Input data
lemma antitone_bounded_below_tendsto:
  fixes V :: "real \<Rightarrow> real"
  assumes anti: "\<And>s t. 0 \<le> s \<Longrightarrow> s \<le> t \<Longrightarrow> V t \<le> V s"
    and bdd: "\<And>t. 0 \<le> t \<Longrightarrow> B \<le> V t"
  obtains L where "(V \<longlongrightarrow> L) at_top" "\<And>t. 0 \<le> t \<Longrightarrow> L \<le> V t"
proof (rule that)
  define L where "L = Inf (V ` {0..})"
  have bdd_V: "bdd_below (V ` {0..})"
    using bdd by (auto intro!: bdd_belowI[of _ B])
  show L_le: "L \<le> V t" if "0 \<le> t" for t
    unfolding L_def using that bdd_V by (auto intro!: cInf_lower)
  show "(V \<longlongrightarrow> L) at_top"
  proof (rule decreasing_tendsto)
    show "\<forall>\<^sub>F t in at_top. L \<le> V t"
      using eventually_ge_at_top[of 0] by eventually_elim (rule L_le)
  next
    fix y assume "L < y"
    then obtain t0 where t0: "0 \<le> t0" "V t0 < y"
      using cInf_lessD[of "V ` {0..}" y] unfolding L_def by auto
    show "\<forall>\<^sub>F t in at_top. V t < y"
      using eventually_ge_at_top[of t0]
    proof eventually_elim
      case (elim t)
      then show ?case using anti[of t0 t] t0 by simp
    qed
  qed
qed

(* Barbalat-type argument: each excursion g >= e lasts at least e / (2 M) and costs V at least
   e^2 / (4 M), which the convergent V can afford only finitely often. *)
lemma lyapunov_dissipation_tendsto_zero:
  fixes V V' g :: "real \<Rightarrow> real"
  assumes V: "\<And>t. 0 \<le> t \<Longrightarrow> (V has_real_derivative V' t) (at t within {0..})"
    and V'_le: "\<And>t. 0 < t \<Longrightarrow> V' t \<le> - g t"
    and V_bdd: "\<And>t. 0 \<le> t \<Longrightarrow> B \<le> V t"
    and g_nonneg: "\<And>t. 0 \<le> t \<Longrightarrow> 0 \<le> g t"
    and g_lip: "\<And>s t. 0 \<le> s \<Longrightarrow> s \<le> t \<Longrightarrow> g s - g t \<le> M * (t - s)"
    and M: "0 < M"
  shows "(g \<longlongrightarrow> 0) at_top"
proof (rule ccontr)
  assume "\<not> (g \<longlongrightarrow> 0) at_top"
  then obtain e where e: "0 < e" and not_ev: "\<not> (\<forall>\<^sub>F t in at_top. dist (g t) 0 < e)"
    by (metis tendstoI)
  have anti: "V t \<le> V s" if st: "0 \<le> s" "s \<le> t" for s t
  proof -
    have "V t - V s \<le> 0 * (t - s)"
    proof (rule DERIV_le_imp_diff_le[OF V st])
      fix r assume "s < r" "r < t"
      then show "V' r \<le> 0"
        using V'_le[of r] g_nonneg[of r] st by linarith
    qed
    then show ?thesis by simp
  qed
  obtain L where L: "(V \<longlongrightarrow> L) at_top" "\<And>t. 0 \<le> t \<Longrightarrow> L \<le> V t"
    using antitone_bounded_below_tendsto[of V B] anti V_bdd by blast
  define d where "d = e / (2 * M)"
  have d: "0 < d" "M * d = e / 2"
    using e M by (simp_all add: d_def)
  have "\<forall>\<^sub>F t in at_top. V t < L + e / 2 * d"
    using order_tendstoD(2)[OF L(1)] e d by simp
  then obtain T where T: "\<And>t. T \<le> t \<Longrightarrow> V t < L + e / 2 * d"
    by (auto simp: eventually_at_top_linorder)
  obtain t where t: "T \<le> t" "0 \<le> t" "e \<le> g t"
  proof -
    from not_ev obtain t where "max T 0 \<le> t" "\<not> dist (g t) 0 < e"
      unfolding eventually_at_top_linorder by blast
    then show thesis
      using that g_nonneg[of t] by (auto simp: dist_real_def not_less)
  qed
  have g_large: "e / 2 \<le> g s" if "t \<le> s" "s \<le> t + d" for s
  proof -
    have "g t - g s \<le> M * (s - t)"
      using g_lip that t by simp
    also have "\<dots> \<le> M * d"
      using M that by simp
    finally show ?thesis using d t by linarith
  qed
  have "V (t + d) - V t \<le> - (e / 2) * (t + d - t)"
  proof (rule DERIV_le_imp_diff_le[OF V])
    fix s assume "t < s" "s < t + d"
    then show "V' s \<le> - (e / 2)"
      using V'_le[of s] g_large[of s] t by simp
  qed (use t d in simp_all)
  then show False
    using T[of t] L(2)[of "t + d"] t d by simp
qed

lemma nonneg_not_eventually_DERIV_le_neg:
  fixes y y' :: "real \<Rightarrow> real"
  assumes y: "\<And>t. 0 \<le> t \<Longrightarrow> (y has_real_derivative y' t) (at t within {0..})"
    and nonneg: "\<And>t. 0 \<le> t \<Longrightarrow> 0 \<le> y t" and q: "0 < q"
  shows "\<not> (\<forall>\<^sub>F t in at_top. y' t \<le> - q)"
proof
  assume "\<forall>\<^sub>F t in at_top. y' t \<le> - q"
  then obtain T where T: "\<And>t. T \<le> t \<Longrightarrow> y' t \<le> - q"
    by (auto simp: eventually_at_top_linorder)
  define a where "a = max T 0"
  define b where "b = a + (y a + 1) / q"
  have a: "0 \<le> a" "T \<le> a" and ab: "a \<le> b"
    using nonneg[of a] q by (auto simp: a_def b_def)
  have "y b - y a \<le> - q * (b - a)"
    by (rule DERIV_le_imp_diff_le[OF y a(1) ab]) (use T a in auto)
  moreover have "q * (b - a) = y a + 1"
    using q by (simp add: b_def)
  ultimately show False
    using nonneg[of b] a ab by linarith
qed

lemma tendsto_if_scaled_square_le:
  fixes f g :: "'a \<Rightarrow> real"
  assumes g: "(g \<longlongrightarrow> 0) F" and a: "0 < a" and le: "\<And>t. a * (f t - c)\<^sup>2 \<le> g t"
  shows "(f \<longlongrightarrow> c) F"
proof -
  have "((\<lambda>t. (f t - c)\<^sup>2) \<longlongrightarrow> 0) F"
  proof (rule tendsto_sandwich[of "\<lambda>_. 0" _ _ "\<lambda>t. g t / a"])
    show "\<forall>\<^sub>F t in F. 0 \<le> (f t - c)\<^sup>2"
      by simp
    show "\<forall>\<^sub>F t in F. (f t - c)\<^sup>2 \<le> g t / a"
      using le a by (simp add: pos_le_divide_eq mult.commute)
    show "((\<lambda>t. g t / a) \<longlongrightarrow> 0) F"
      using tendsto_divide_zero[OF g] .
  qed simp
  then have "((\<lambda>t. sqrt ((f t - c)\<^sup>2)) \<longlongrightarrow> sqrt 0) F"
    by (intro tendsto_intros)
  then have "((\<lambda>t. f t - c) \<longlongrightarrow> 0) F"
    by (simp add: tendsto_rabs_zero_iff)
  then show ?thesis
    by (simp add: Lim_null[symmetric])
qed

lemma dist_triple_le:
  fixes a b c a' b' c' :: real
  shows "dist (a, b, c) (a', b', c') \<le> \<bar>a - a'\<bar> + \<bar>b - b'\<bar> + \<bar>c - c'\<bar>"
proof -
  have "dist (a, b, c) (a', b', c') = norm (a - a', b - b', c - c')"
    by (simp only: dist_norm minus_prod_def fst_conv snd_conv)
  also have "\<dots> \<le> norm (a - a') + norm (b - b', c - c')"
    by (rule norm_Pair_le)
  also have "\<dots> \<le> norm (a - a') + (norm (b - b') + norm (c - c'))"
    using norm_Pair_le[of "b - b'" "c - c'"] by simp
  finally show ?thesis by simp
qed

locale three_species =
  fixes r1 r2 mu a12 a13 a21 a31 :: real
  assumes pos: "0 < r1" "0 < r2" "0 < mu" "0 < a12" "0 < a13" "0 < a21" "0 < a31"
    and a12_less_r1: "a12 < r1"
    and mu_ge: "a31 * (r2 * (r1 - a12) / (r1 * r2 + a12 * a21)) \<le> mu"
begin

abbreviation prm :: params where
  "prm \<equiv> (r1, r2, mu, a12, a13, a21, a31)"

definition us :: real where
  "us = r2 * (r1 - a12) / (r1 * r2 + a12 * a21)"

definition vs :: real where
  "vs = (r1 * r2 + r1 * a21) / (r1 * r2 + a12 * a21)"

lemma us_pos: "0 < us" and vs_pos: "0 < vs"
  using pos a12_less_r1 by (simp_all add: us_def vs_def add_pos_pos)

lemma field_eq:
  "field prm (u, v, w) =
    (u * (r1 * (1 - u) - a12 * v - a13 * w), v * (r2 * (1 - v) + a21 * u), w * (a31 * u - mu))"
  by (simp add: field_def algebra_simps)

lemma equilibrium_u: "r1 * (1 - us) = a12 * vs"
  and equilibrium_v: "r2 * (1 - vs) = - a21 * us"
proof -
  have "0 < r1 * r2 + a12 * a21"
    using pos by (simp add: add_pos_pos)
  then have "r1 * (1 - us) - a12 * vs = 0" "r2 * (1 - vs) + a21 * us = 0"
    unfolding us_def vs_def by (simp_all add: field_simps algebra_simps)
  then show "r1 * (1 - us) = a12 * vs" "r2 * (1 - vs) = - a21 * us"
    by simp_all
qed

lemma growth_u_deviation:
  "r1 * (1 - u) - a12 * v - a13 * w = - r1 * (u - us) - a12 * (v - vs) - a13 * w"
  using equilibrium_u by (simp add: algebra_simps)

lemma growth_v_deviation:
  "r2 * (1 - v) + a21 * u = - r2 * (v - vs) + a21 * (u - us)"
  using equilibrium_v by (simp add: algebra_simps)

lemma field_equilibrium: "field prm (us, vs, 0) = (0, 0, 0)"
  unfolding field_eq growth_u_deviation growth_v_deviation by simp

(* The weights make the cross terms a12 (u - us) (v - vs) and a13 u w cancel in the derivative
   of lyap along the field. *)
definition c1 :: real where
  "c1 = a12 / a21"

definition c2 :: real where
  "c2 = a13 / a31"

definition k :: real where
  "k = c2 * mu - a13 * us"

lemma c1_pos: "0 < c1" and c2_pos: "0 < c2"
  using pos by (simp_all add: c1_def c2_def)

lemma k_nonneg: "0 \<le> k"
proof -
  have "a31 * us \<le> mu"
    using mu_ge by (simp add: us_def)
  then have "a13 * us \<le> a13 * (mu / a31)"
    using pos by (simp add: field_simps)
  then show ?thesis
    by (simp add: k_def c2_def)
qed

definition lyap :: "real \<times> real \<times> real \<Rightarrow> real" where
  "lyap = (\<lambda>(u, v, w). volterra us u + c1 * volterra vs v + c2 * w)"

definition dissipation :: "real \<Rightarrow> real \<Rightarrow> real" where
  "dissipation u v = r1 * (u - us)\<^sup>2 + c1 * r2 * (v - vs)\<^sup>2"

lemma dissipation_nonneg: "0 \<le> dissipation u v"
  using pos c1_pos by (simp add: dissipation_def)

lemma lyap_derivative_along_field:
  assumes "0 < u" "0 < v"
  shows "(1 - us / u) * fst (field prm (u, v, w))
      + c1 * ((1 - vs / v) * fst (snd (field prm (u, v, w))))
      + c2 * snd (snd (field prm (u, v, w))) = - dissipation u v - k * w"
proof -
  have du: "(1 - us / u) * fst (field prm (u, v, w))
      = (u - us) * (- r1 * (u - us) - a12 * (v - vs) - a13 * w)"
    unfolding field_eq fst_conv growth_u_deviation using assms(1) by (simp add: field_simps)
  have dv: "(1 - vs / v) * fst (snd (field prm (u, v, w)))
      = (v - vs) * (- r2 * (v - vs) + a21 * (u - us))"
    unfolding field_eq fst_conv snd_conv growth_v_deviation using assms(2) by (simp add: field_simps)
  have dw: "snd (snd (field prm (u, v, w))) = w * (a31 * u - mu)"
    by (simp add: field_eq)
  have "(u - us) * (- r1 * (u - us) - a12 * (v - vs) - a13 * w)
      + c1 * ((v - vs) * (- r2 * (v - vs) + a21 * (u - us))) + c2 * (w * (a31 * u - mu))
      = - dissipation u v - k * w
        + (c1 * a21 - a12) * (u - us) * (v - vs) + (c2 * a31 - a13) * u * w"
    by (simp add: dissipation_def k_def algebra_simps power2_eq_square)
  moreover have "c1 * a21 - a12 = 0" "c2 * a31 - a13 = 0"
    using pos by (simp_all add: c1_def c2_def)
  ultimately show ?thesis
    unfolding du dv dw by simp
qed

definition dissipation_rate :: "real \<times> real \<times> real \<Rightarrow> real" where
  "dissipation_rate z =
    2 * r1 * (fst z - us) * (fst z * (r1 * (1 - fst z) - a12 * fst (snd z) - a13 * snd (snd z)))
    + 2 * c1 * r2 * (fst (snd z) - vs) * (fst (snd z) * (r2 * (1 - fst (snd z)) + a21 * fst z))"

lemma dissipation_rate_bounded:
  assumes "compact K"
  obtains M where "0 < M" "\<And>z. z \<in> K \<Longrightarrow> \<bar>dissipation_rate z\<bar> \<le> M"
proof -
  have "continuous_on K dissipation_rate"
    unfolding dissipation_rate_def by (intro continuous_intros)
  then have "bounded (dissipation_rate ` K)"
    using assms by (intro compact_imp_bounded compact_continuous_image)
  then show ?thesis
    using that unfolding bounded_pos by force
qed

lemma lyap_terms_le:
  assumes "0 < u" "0 < v" "0 \<le> w"
  shows "volterra us u \<le> lyap (u, v, w)" "c1 * volterra vs v \<le> lyap (u, v, w)"
    "c2 * w \<le> lyap (u, v, w)"
  using assms volterra_nonneg[OF us_pos, of u] volterra_nonneg[OF vs_pos, of v] c1_pos c2_pos
  by (simp_all add: lyap_def)

lemma lyap_nonneg:
  assumes "0 < u" "0 < v" "0 \<le> w"
  shows "0 \<le> lyap (u, v, w)"
proof -
  have "0 \<le> c2 * w"
    using c2_pos assms(3) by simp
  then show ?thesis
    using lyap_terms_le(3)[OF assms] by linarith
qed

lemma lyap_equilibrium: "lyap (us, vs, 0) = 0"
  using us_pos vs_pos by (simp add: lyap_def volterra_self)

Instructions to follow
Transcribe only the lines from the beginning of the entries to the line with "in at_top. L", inclusive, exactly as written.

Exercise response
lemma antitone_bounded_below_tendsto:
  fixes V :: "real \<Rightarrow> real"
  assumes anti: "\<And>s t. 0 \<le> s \<Longrightarrow> s \<le> t \<Longrightarrow> V t \<le> V s"
    and bdd: "\<And>t. 0 \<le> t \<Longrightarrow> B \<le> V t"
  obtains L where "(V \<longlongrightarrow> L) at_top" "\<And>t. 0 \<le> t \<Longrightarrow> L \<le> V t"
proof (rule that)
  define L where "L = Inf (V ` {0..})"
  have bdd_V: "bdd_below (V ` {0..})"
    using bdd by (auto intro!: bdd_belowI[of _ B])
  show L_le: "L \<le> V t" if "0 \<le> t" for t
    unfolding L_def using that bdd_V by (auto intro!: cInf_lower)
  show "(V \<longlongrightarrow> L) at_top"
  proof (rule decreasing_tendsto)
    show "\<forall>\<^sub>F t in at_top. L \<le> V t"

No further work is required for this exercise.